**Problem:** Reproduce each of the following records without any deviation.
*** Available data Section Begins ***
theorem lemma3p1:
  fixes S :: "nat set" and n :: rat
  assumes "finite S" and "\<forall>p\<in>S. prime p"
    and "n \<in> ZS S" and "n \<noteq> 0"
  shows "(\<forall>g\<in>SL2 S. \<forall>x\<in>Dn S n. dact g x \<in> Dn S n)
    \<and> (\<forall>l. l < dS S n \<and> coprime l (dS S n) \<longrightarrow> repr n l \<in> Dn S n)
    \<and> orbit2 S ` Dn S n = (\<lambda>l. orbit2 S (repr n l)) ` {l. l < dS S n \<and> coprime l (dS S n)}
    \<and> inj_on (\<lambda>l. orbit2 S (repr n l)) {l. l < dS S n \<and> coprime l (dS S n)}
    \<and> card (orbit2 S ` Dn S n) = totient (dS S n)"
proof -
  interpret finite_prime_set S using assms(1,2) by unfold_locales
  obtain d u where d: "0 < d" "coprime d (\<Prod>S)" and u: "ZS_unit S u"
    and n: "n = of_nat d * u" and dS: "dS S n = d"
    using ZS_factorization[OF assms(3,4)] .
  have bij: "bij_betw (\<lambda>l. orbit2 S (repr n l)) {l. l < dS S n \<and> coprime l (dS S n)} (orbit2 S ` Dn S n)"
    unfolding dS by (rule bij_betw_repr_orbits[OF d u n])
  have "\<forall>g\<in>SL2 S. \<forall>x\<in>Dn S n. dact g x \<in> Dn S n"
    using Dn_dact by blast
  moreover have "\<forall>l. l < dS S n \<and> coprime l (dS S n) \<longrightarrow> repr n l \<in> Dn S n"
    using repr_in_Dn_iff[OF d u n] by (simp add: dS)
  moreover have "card (orbit2 S ` Dn S n) = totient (dS S n)"
    using bij_betw_same_card[OF bij] card_coprime_less_eq_totient d(1) by (simp add: dS)
  ultimately show ?thesis
    using bij_betw_imp_surj_on[OF bij] bij_betw_imp_inj_on[OF bij] by simp
qed

end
*** Available data Section Ends ***
**Answer section:**
theorem lemma3p1:
  fixes S :: "nat set" and n :: rat
  assumes "finite S" and "\<forall>p\<in>S. prime p"
    and "n \<in> ZS S" and "n \<noteq> 0"
  shows "(\<forall>g\<in>SL2 S. \<forall>x\<in>Dn S n. dact g x \<in> Dn S n)
    \<and> (\<forall>l. l < dS S n \<and> coprime l (dS S n) \<longrightarrow> repr n l \<in> Dn S n)
    \<and> orbit2 S ` Dn S n = (\<lambda>l. orbit2 S (repr n l)) ` {l. l < dS S n \<and> coprime l (dS S n)}
    \<and> inj_on (\<lambda>l. orbit2 S (repr n l)) {l. l < dS S n \<and> coprime l (dS S n)}
    \<and> card (orbit2 S ` Dn S n) = totient (dS S n)"
proof -
  interpret finite_prime_set S using assms(1,2) by unfold_locales
  obtain d u where d: "0 < d" "coprime d (\<Prod>S)" and u: "ZS_unit S u"
    and n: "n = of_nat d * u" and dS: "dS S n = d"
    using ZS_factorization[OF assms(3,4)] .
  have bij: "bij_betw (\<lambda>l. orbit2 S (repr n l)) {l. l < dS S n \<and> coprime l (dS S n)} (orbit2 S ` Dn S n)"
    unfolding dS by (rule bij_betw_repr_orbits[OF d u n])
  have "\<forall>g\<in>SL2 S. \<forall>x\<in>Dn S n. dact g x \<in> Dn S n"
    using Dn_dact by blast
  moreover have "\<forall>l. l < dS S n \<and> coprime l (dS S n) \<longrightarrow> repr n l \<in> Dn S n"
    using repr_in_Dn_iff[OF d u n] by (simp add: dS)
  moreover have "card (orbit2 S ` Dn S n) = totient (dS S n)"
    using bij_betw_same_card[OF bij] card_coprime_less_eq_totient d(1) by (simp add: dS)
  ultimately show ?thesis
    using bij_betw_imp_surj_on[OF bij] bij_betw_imp_inj_on[OF bij] by simp
qed

end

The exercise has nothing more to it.